Reasons for performing study: Active immunisation against gonadotrophin-releasing hormone (GnRH) provides a reversible method for control of oestrous behaviour and fertility in mares. Previous reports failed to demonstrate the interval to resumption of cyclic ovarian activity after GnRH-vaccination.

Hypothesis: Administration of the GnRH-vaccine Improvac in a large group of mares of various ages will result in effective, reliably reversible suppression of ovarian activity within a 2 year period.

Methods: The mares, subdivided into 3 age categories, were vaccinated twice (with a 35 day interval) using 400 µg Improvac and monitored via blood samples until Day 720 after initial vaccination for serum progesterone concentration determination by radioimmune assay and anti-GnRH antibody titre by enzyme immunoassay. Samples were collected until individuals resumed cyclic ovarian activity.

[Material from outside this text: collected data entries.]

lemma delay_solution_unique:
  fixes F G \<phi> Q1 Q2 :: "real \<Rightarrow> real" and \<tau> L t :: real
  assumes "\<tau> > 0" "L-lipschitz_on UNIV F"
    and Q1: "delay_solution \<tau> F G \<phi> Q1" and Q2: "delay_solution \<tau> F G \<phi> Q2"
    and "t \<ge> -\<tau>"
  shows "Q1 t = Q2 t"
  using \<open>\<tau> > 0\<close> \<open>t \<ge> -\<tau>\<close>
proof (rule method_of_steps)
  show "Q1 u = Q2 u" if "u \<in> {-\<tau>..0}" for u
    using Q1 Q2 that by (simp add: delay_solution_def)
next
  fix a u assume "a \<ge> 0" and agree: "\<And>v. v \<in> {-\<tau>..a} \<Longrightarrow> Q1 v = Q2 v" and u: "u \<in> {a<..a + \<tau>}"
  have sub: "{a..u} \<subseteq> {-\<tau>..}"
    using \<open>a \<ge> 0\<close> \<open>\<tau> > 0\<close> by auto
  have "Q1 u - Q2 u = 0"
  proof (rule eq_0_if_abs_deriv_le[where d = "\<lambda>x. Q1 x - Q2 x" and a = a and b = u and L = L])
    show "a \<le> u" "Q1 a - Q2 a = 0"
      using u \<open>a \<ge> 0\<close> \<open>\<tau> > 0\<close> agree[of a] by auto
    show "continuous_on {a..u} (\<lambda>x. Q1 x - Q2 x)"
      using Q1 Q2 by (intro continuous_intros continuous_on_subset[OF _ sub]) (auto simp: delay_solution_def)
  next
    fix x assume x: "x \<in> {a<..<u}"
    then have "x > 0" "Q1 (x - \<tau>) = Q2 (x - \<tau>)"
      using \<open>a \<ge> 0\<close> u by (auto intro!: agree)
    then show "((\<lambda>x. Q1 x - Q2 x) has_real_derivative - (F (Q1 x) - F (Q2 x))) (at x)"
      using Q1 Q2 unfolding delay_solution_def
      by (auto intro!: derivative_eq_intros simp: algebra_simps)
    show "\<bar>- (F (Q1 x) - F (Q2 x))\<bar> \<le> L * \<bar>Q1 x - Q2 x\<bar>"
      using lipschitz_onD[OF assms(2), of "Q1 x" "Q2 x"] by (simp add: dist_real_def abs_minus_commute)
  qed
  then show "Q1 u = Q2 u" by simp
qed

section \<open>Existence by a weighted contraction argument\<close>

lemma integral_exp_scaled:
  fixes a T :: real
  assumes "a > 0" "T \<ge> 0"
  shows "integral {0..T} (\<lambda>u. exp (a * u)) = (exp (a * T) - 1) / a"
proof -
  have "((\<lambda>u. exp (a * u)) has_integral (exp (a * T) / a - exp (a * 0) / a)) {0..T}"
  proof (rule fundamental_theorem_of_calculus)
    fix x assume "x \<in> {0..T}"
    have "((\<lambda>u. exp (a * u) / a) has_real_derivative exp (a * x)) (at x)"
      using assms by (auto intro!: derivative_eq_intros)
    then show "((\<lambda>u. exp (a * u) / a) has_vector_derivative exp (a * x)) (at x within {0..T})"
      by (simp add: has_real_derivative_iff_has_vector_derivative has_vector_derivative_at_within)
  qed (use assms in simp)
  then show ?thesis
    by (simp add: integral_unique diff_divide_distrib)
qed

lemma continuous_on_integral_from_0:
  fixes g :: "real \<Rightarrow> real"
  assumes "continuous_on UNIV g"
  shows "continuous_on UNIV (\<lambda>t. integral {0..max t 0} g)"
proof -
  have "isCont (\<lambda>t. integral {0..max t 0} g) x" for x
  proof -
    define b where "b = \<bar>x\<bar> + 1"
    have "continuous_on {0..b} (\<lambda>y. integral {0..y} g)"
      by (intro indefinite_integral_continuous_1 integrable_continuous_real
          continuous_on_subset[OF assms]) simp
    moreover have "continuous_on {-b..b} (\<lambda>t. max t 0 :: real)"
      by (intro continuous_intros)
    moreover have "(\<lambda>t. max t 0) ` {-b..b} \<subseteq> {0..b}"
      by (auto simp: b_def)
    ultimately have "continuous_on {-b..b} (\<lambda>t. integral {0..max t 0} g)"
      using continuous_on_compose2 by blast
    moreover have "x \<in> interior {-b..b}"
      by (auto simp: b_def abs_if)
    ultimately show ?thesis
      using continuous_on_interior by blast
  qed
  then show ?thesis
    by (simp add: continuous_on_eq_continuous_at)
qed

lemma continuous_on_delay_rhs:
  fixes F G Q :: "real \<Rightarrow> real" and \<tau> :: real
  assumes "continuous_on UNIV F" "continuous_on UNIV G" "continuous_on UNIV Q"
  shows "continuous_on UNIV (\<lambda>u. - F (Q u) + G (Q (u - \<tau>)))"
proof -
  have "continuous_on UNIV (\<lambda>u. u - \<tau>)"
    by (intro continuous_intros)
  then have "continuous_on UNIV (\<lambda>u. Q (u - \<tau>))"
    by (rule continuous_on_compose2[OF assms(3)]) simp
  then have "continuous_on UNIV (\<lambda>u. G (Q (u - \<tau>)))"
    by (rule continuous_on_compose2[OF assms(2)]) simp
  moreover have "continuous_on UNIV (\<lambda>u. F (Q u))"
    by (rule continuous_on_compose2[OF assms(1,3)]) simp
  ultimately show ?thesis
    by (intro continuous_on_add continuous_on_minus)
qed

text \<open>The history is frozen outside \<open>[-\<tau>, 0]\<close>, so that the operator acts on continuous
  functions on the whole real line.\<close>
definition delay_picard ::
  "real \<Rightarrow> (real \<Rightarrow> real) \<Rightarrow> (real \<Rightarrow> real) \<Rightarrow> (real \<Rightarrow> real) \<Rightarrow> (real \<Rightarrow> real) \<Rightarrow> real \<Rightarrow> real" where
  "delay_picard \<tau> F G \<phi> Q t =
     \<phi> (max (-\<tau>) (min t 0)) + integral {0..max t 0} (\<lambda>u. - F (Q u) + G (Q (u - \<tau>)))"

lemma continuous_on_delay_picard:
  fixes F G \<phi> Q :: "real \<Rightarrow> real" and \<tau> :: real
  assumes "\<tau> \<ge> 0" "continuous_on {-\<tau>..0} \<phi>"
    and "continuous_on UNIV F" "continuous_on UNIV G" "continuous_on UNIV Q"
  shows "continuous_on UNIV (delay_picard \<tau> F G \<phi> Q)"
proof -
  have "continuous_on UNIV (\<lambda>t. max (-\<tau>) (min t 0))"
    by (intro continuous_intros)
  then have "continuous_on UNIV (\<lambda>t. \<phi> (max (-\<tau>) (min t 0)))"
    by (rule continuous_on_compose2[OF assms(2)]) (use assms(1) in auto)
  then show ?thesis
    unfolding delay_picard_def
    by (intro continuous_on_add continuous_on_integral_from_0 continuous_on_delay_rhs assms(3-5))
qed

lemma delay_solution_if_fixed_point:
  fixes F G \<phi> Q :: "real \<Rightarrow> real" and \<tau> :: real
  assumes "\<tau> \<ge> 0" "continuous_on UNIV F" "continuous_on UNIV G" "continuous_on UNIV Q"
    and fixed: "\<And>t. Q t = delay_picard \<tau> F G \<phi> Q t"
  shows "delay_solution \<tau> F G \<phi> Q"
  unfolding delay_solution_def
proof (intro conjI allI impI ballI)
  show "continuous_on {-\<tau>..} Q"
    using assms(4) by (rule continuous_on_subset) simp
  show "Q t = \<phi> t" if "t \<in> {-\<tau>..0}" for t
    using that by (subst fixed) (simp add: delay_picard_def)
  fix t :: real assume "t > 0"
  let ?g = "\<lambda>u. - F (Q u) + G (Q (u - \<tau>))"
  have "continuous_on {0..t + 1} ?g"
    using continuous_on_delay_rhs[OF assms(2-4)] by (rule continuous_on_subset) simp
  then have "((\<lambda>x. integral {0..x} ?g) has_real_derivative ?g t) (at t within {0..t + 1})"
    using \<open>t > 0\<close> by (intro integral_has_real_derivative) auto
  then have "((\<lambda>x. \<phi> 0 + integral {0..x} ?g) has_real_derivative ?g t) (at t)"
    using at_within_Icc_at[of 0 t "t + 1"] \<open>t > 0\<close> by (auto intro!: derivative_eq_intros)
  then show "(Q has_real_derivative ?g t) (at t)"
  proof (rule has_field_derivative_transform_within_open[where S = "{0<..}"])
    show "\<phi> 0 + integral {0..x} ?g = Q x" if "x \<in> {0<..}" for x
      using that assms(1) by (subst fixed) (simp add: delay_picard_def)
  qed (use \<open>t > 0\<close> in auto)
qed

Results: All mares showed suppression of cyclic ovarian activity by clinical examination and serum progesterone concentration (SPC) ≤1 nmol/l by Day 70 and 92.2% resumed cyclic activity by SPC at Day 720 with a mean interval = 417.8 days (s.d. ± 23.9; range 232–488 days, median 344 days). A significant age effect (P = 0.028) on the interval, but not on GnRH-antibody titre response, was observed between the youngest (≤4 years) and oldest (≥11 years) categories.

Conclusions: Immunising adult mares of all ages with Improvac resulted in a reversible suppression of cyclic ovarian activity in most mares. An age effect, with the youngest mares showing a longer interval to reversibility, was observed.